In 2015, the legal framework for the reform was approved: on 29 June 2015, the President of the Russian Federation signed Federal Law No. 210-FZ “On Making Amendments to Certain Laws of the Russian Federation and Repeal of Some Provisions of Certain Laws of the Russian Federation”.
Federal Law No. 210-FZ makes amendments to the Federal Laws “On Joint-Stock Companies”, “On the Securities Market”, and “On the Central Securities Depository”, which reflect the key aspects of the corporate actions reform. In particular, the new statutory provisions:
* Change the approach to the drawing up of a list of security holders;
* Introduce a new procedure for exercising security holders’ rights in the course of corporate actions in a centralized manner through securities depositories or registrars;
* Authorize the central securities depository to determine electronic data interchange formats to be used for the purpose of exercising rights attached to securities;
* Introduce new methods of participation in general meetings of security holders, such as e-proxy voting through a securities depository, or e-voting on a web site; and
* Provide for the establishment of a corporate information center under the auspices of the Russian central securities depository.
The above changes will take effect on 1 July 2016.
Changes Affecting Investors
The changes will contribute to greater protection of investors holding Russian local securities, as well as to the reduction of costs for participation in corporate actions. Before, there existed different approaches that were used for the processing of similar corporate actions in the Russian market, which resulted in extra costs and risks for investors. The new statutory provisions allow for the implementation of the international standards for corporate actions processing, including the use of ISO standards in formalized electronic data interchange. E-voting and e-proxy voting will allow security holders to remotely participate in corporate actions. In addition, thanks to the possibility for investors to exercise their rights attached to securities through a securities depository, investors will be able to receive a full range of securities services provided by the same organization, i.e., the securities depository. Thus, an investor will be able to exercise all of his rights attached to securities wherever the investor is located.
Changes Affecting Professional Securities Market Participants
Before, issuers used to interact with shareholders without involvement of securities depositories or registrars. In accordance with the new statutory provisions, all corporate actions will be processed in a centralized manner through securities depositories or registrars. Both professional securities market participants and investors will have access to NSD as a single source of official information on corporate actions, and such information will have a priority over any other information. To enable issuers, registrars, and NSD’s clients to comply with the new laws, a new service will be launched - a dedicated web client that will be a primary channel for communications between the central securities depository and securities market participants in the course of corporate actions reporting and processing. Securities market participants will also be able to use the SWIFT system and the web-service to communicate with NSD. The introduction of electronic data interchange as part of the reform will allow issuers to reduce their costs for providing information on corporate actions in hard copy.

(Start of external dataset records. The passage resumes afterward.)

text \<open>Divided by \<open>root p q ^ n\<close> the sequences become eventually periodic, so they take only
  finitely many (positive) values.\<close>
lemma eventually_periodic_growth_bounds:
  fixes g :: "'k \<Rightarrow> nat \<Rightarrow> real"
  assumes "finite K" and "p > 0" and "q > 0"
    and pos: "\<And>k n. k \<in> K \<Longrightarrow> g k n > 0"
    and rec: "\<And>k n. k \<in> K \<Longrightarrow> n \<ge> n0 \<Longrightarrow> g k (n + p) = q * g k n"
  obtains c C where "c > 0" and "C > 0"
    and "\<And>k n. k \<in> K \<Longrightarrow> c * root p q ^ n \<le> g k n \<and> g k n \<le> C * root p q ^ n"
proof -
  define B where "B = root p q"
  have B: "B > 0" "B ^ p = q" using \<open>p > 0\<close> \<open>q > 0\<close> by (auto simp: B_def real_root_pow_pos)
  define r where "r k n = g k n / B ^ n" for k n
  have r_per: "r k (n + p) = r k n" if "k \<in> K" "n \<ge> n0" for k n
    using rec[OF that] B \<open>q > 0\<close> by (simp add: r_def power_add)
  define R where "R = (\<lambda>(k, n). r k n) ` (K \<times> {..<n0 + p})"
  have "finite R" using \<open>finite K\<close> by (simp add: R_def)
  have in_R: "r k n \<in> R" if "k \<in> K" for k n
    using eventually_periodic_initial_value[of p n0 "r k" n] r_per[OF that] \<open>p > 0\<close> that
    by (auto simp: R_def)
  have R_pos: "\<forall>y\<in>R. y > 0" using pos B by (auto simp: R_def r_def)
  show ?thesis
  proof (cases "K = {}")
    case True
    then show ?thesis using that[of 1 1] by auto
  next
    case False
    then have "R \<noteq> {}" using in_R by blast
    have "Min R * B ^ n \<le> g k n \<and> g k n \<le> Max R * B ^ n" if "k \<in> K" for k n
    proof -
      have "Min R \<le> r k n" "r k n \<le> Max R" using in_R[OF that] \<open>finite R\<close> by auto
      moreover have "g k n = r k n * B ^ n" using B by (simp add: r_def)
      ultimately show ?thesis using B by (simp add: mult_right_mono)
    qed
    moreover have "Min R > 0" "Max R > 0" using R_pos \<open>finite R\<close> \<open>R \<noteq> {}\<close> by auto
    ultimately show ?thesis using that unfolding B_def by blast
  qed
qed

lemma log_growth_rate_tendsto:
  fixes Z :: "nat \<Rightarrow> real"
  assumes "c > 0" and "G > 0"
    and lower: "\<And>n. c * G ^ n \<le> Z (Suc n)" and upper: "\<And>n. Z (Suc n) \<le> C * G ^ n"
  shows "(\<lambda>m. 1 / real m * log 2 (Z m)) \<longlonglongrightarrow> log 2 G"
proof -
  have "C > 0" using lower[of 0] upper[of 0] \<open>c > 0\<close> by simp
  have lim: "(\<lambda>n. (log 2 d + real n * log 2 G) / real (Suc n)) \<longlonglongrightarrow> log 2 G" for d
  proof -
    have "(\<lambda>n. log 2 G + (log 2 d - log 2 G) * inverse (real (Suc n)))
        \<longlonglongrightarrow> log 2 G + (log 2 d - log 2 G) * 0"
      by (intro tendsto_intros LIMSEQ_inverse_real_of_nat)
    then show ?thesis by (simp add: field_simps)
  qed
  have log_bounds: "log 2 (d * G ^ n) \<le> log 2 (Z (Suc n)) \<and> log 2 (Z (Suc n)) \<le> log 2 (D * G ^ n)"
    if "d > 0" "d * G ^ n \<le> Z (Suc n)" "Z (Suc n) \<le> D * G ^ n" for d D n
  proof -
    have "d * G ^ n > 0" using \<open>d > 0\<close> \<open>G > 0\<close> by simp
    with that show ?thesis by (subst (1 2) log_le_cancel_iff) auto
  qed
  have "(\<lambda>n. 1 / real (Suc n) * log 2 (Z (Suc n))) \<longlonglongrightarrow> log 2 G"
  proof (rule tendsto_sandwich[OF _ _ lim[of c] lim[of C]])
    show "\<forall>\<^sub>F n in sequentially. (log 2 c + real n * log 2 G) / real (Suc n)
            \<le> 1 / real (Suc n) * log 2 (Z (Suc n))"
      "\<forall>\<^sub>F n in sequentially. 1 / real (Suc n) * log 2 (Z (Suc n))
            \<le> (log 2 C + real n * log 2 G) / real (Suc n)"
      using log_bounds[OF \<open>c > 0\<close> lower upper] \<open>c > 0\<close> \<open>C > 0\<close> \<open>G > 0\<close>
      by (auto simp: log_mult log_nat_power divide_right_mono)
  qed
  then show ?thesis by (rule LIMSEQ_imp_Suc[where f = "\<lambda>m. 1 / real m * log 2 (Z m)"])
qed

lemma shift_mod_periodic:
  assumes "\<And>i. g (i + p) = g i"
  shows "shift n g = shift (n mod p) g"
proof -
  have "g (i + n) = g (i + n mod p)" for i
    using periodic_mult[of g p, OF assms, of "i + n mod p" "n div p"]
    by (metis add.assoc mult_div_mod_eq add.commute)
  then show ?thesis by (simp add: shift_def fun_eq_iff)
qed

lemma all_int_interval_iff_nat:
  "(\<forall>j::int. 1 \<le> j \<and> j \<le> int l \<longrightarrow> P j) \<longleftrightarrow> (\<forall>j::nat. 1 \<le> j \<and> j \<le> l \<longrightarrow> P (int j))"
proof (intro iffI allI impI)
  fix j :: int
  assume "\<forall>j::nat. 1 \<le> j \<and> j \<le> l \<longrightarrow> P (int j)" and "1 \<le> j \<and> j \<le> int l"
  moreover have "1 \<le> nat j" "nat j \<le> l" "int (nat j) = j" using \<open>1 \<le> j \<and> j \<le> int l\<close> by auto
  ultimately show "P j" by metis
qed auto

lemma sum_swap_innermost:
  "(\<Sum>a\<in>A. \<Sum>b\<in>B. \<Sum>l\<in>L. \<Sum>t\<in>T. F a b l t) = (\<Sum>t\<in>T. \<Sum>a\<in>A. \<Sum>b\<in>B. \<Sum>l\<in>L. F a b l t)"
proof -
  have "(\<Sum>a\<in>A. \<Sum>b\<in>B. \<Sum>l\<in>L. \<Sum>t\<in>T. F a b l t) = (\<Sum>a\<in>A. \<Sum>b\<in>B. \<Sum>t\<in>T. \<Sum>l\<in>L. F a b l t)"
    by (rule sum.cong[OF refl], rule sum.cong[OF refl], rule sum.swap)
  also have "\<dots> = (\<Sum>a\<in>A. \<Sum>t\<in>T. \<Sum>b\<in>B. \<Sum>l\<in>L. F a b l t)"
    by (rule sum.cong[OF refl], rule sum.swap)
  also have "\<dots> = (\<Sum>t\<in>T. \<Sum>a\<in>A. \<Sum>b\<in>B. \<Sum>l\<in>L. F a b l t)"
    by (rule sum.swap)
  finally show ?thesis .
qed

New Method of Exercising Rights Attached to Securities and Exercisable through Nominee Holders Only
A number of amendments made to the Federal Law “On Joint-Stock Companies” need to be mentioned specifically. Such amendments require that certain rights attached to securities be only exercised through nominee holders, i.e., through persons responsible for the recordkeeping of rights to securities:
• pre-emptive right;
• acquisition of securities by the issuing company;
• share repurchase by the issuing company at shareholders’ request;
• voluntary tender offer to purchase shares;
• mandatory tender offer to purchase shares;
• mandatory purchase of shares from minority shareholders by a shareholder with a 95%+ interest; and
• redemption of securities.
Communications between the central securities depository and registrars and NSD’s clients in connection with the above corporate actions will be maintained in electronic format only, without using hard copy documents.
E-proxy Voting and E-voting
The corporate actions reform in the Russian securities market will bring about the new methods of security holders’ participation in general meetings:
* E-proxy voting. In accordance with this method, an investor will submit electronic voting instructions through the securities depository that provides services to the investor. However, the investor will still be able to attend general meetings either personally or by proxy. This method has been available earlier and is now confirmed by the new law.
* E-voting. This method implies voting through an electronic system (such as a web site) that allows for the submission and calculation of votes. This method does not require the use of hard-copy documents or personal attendance.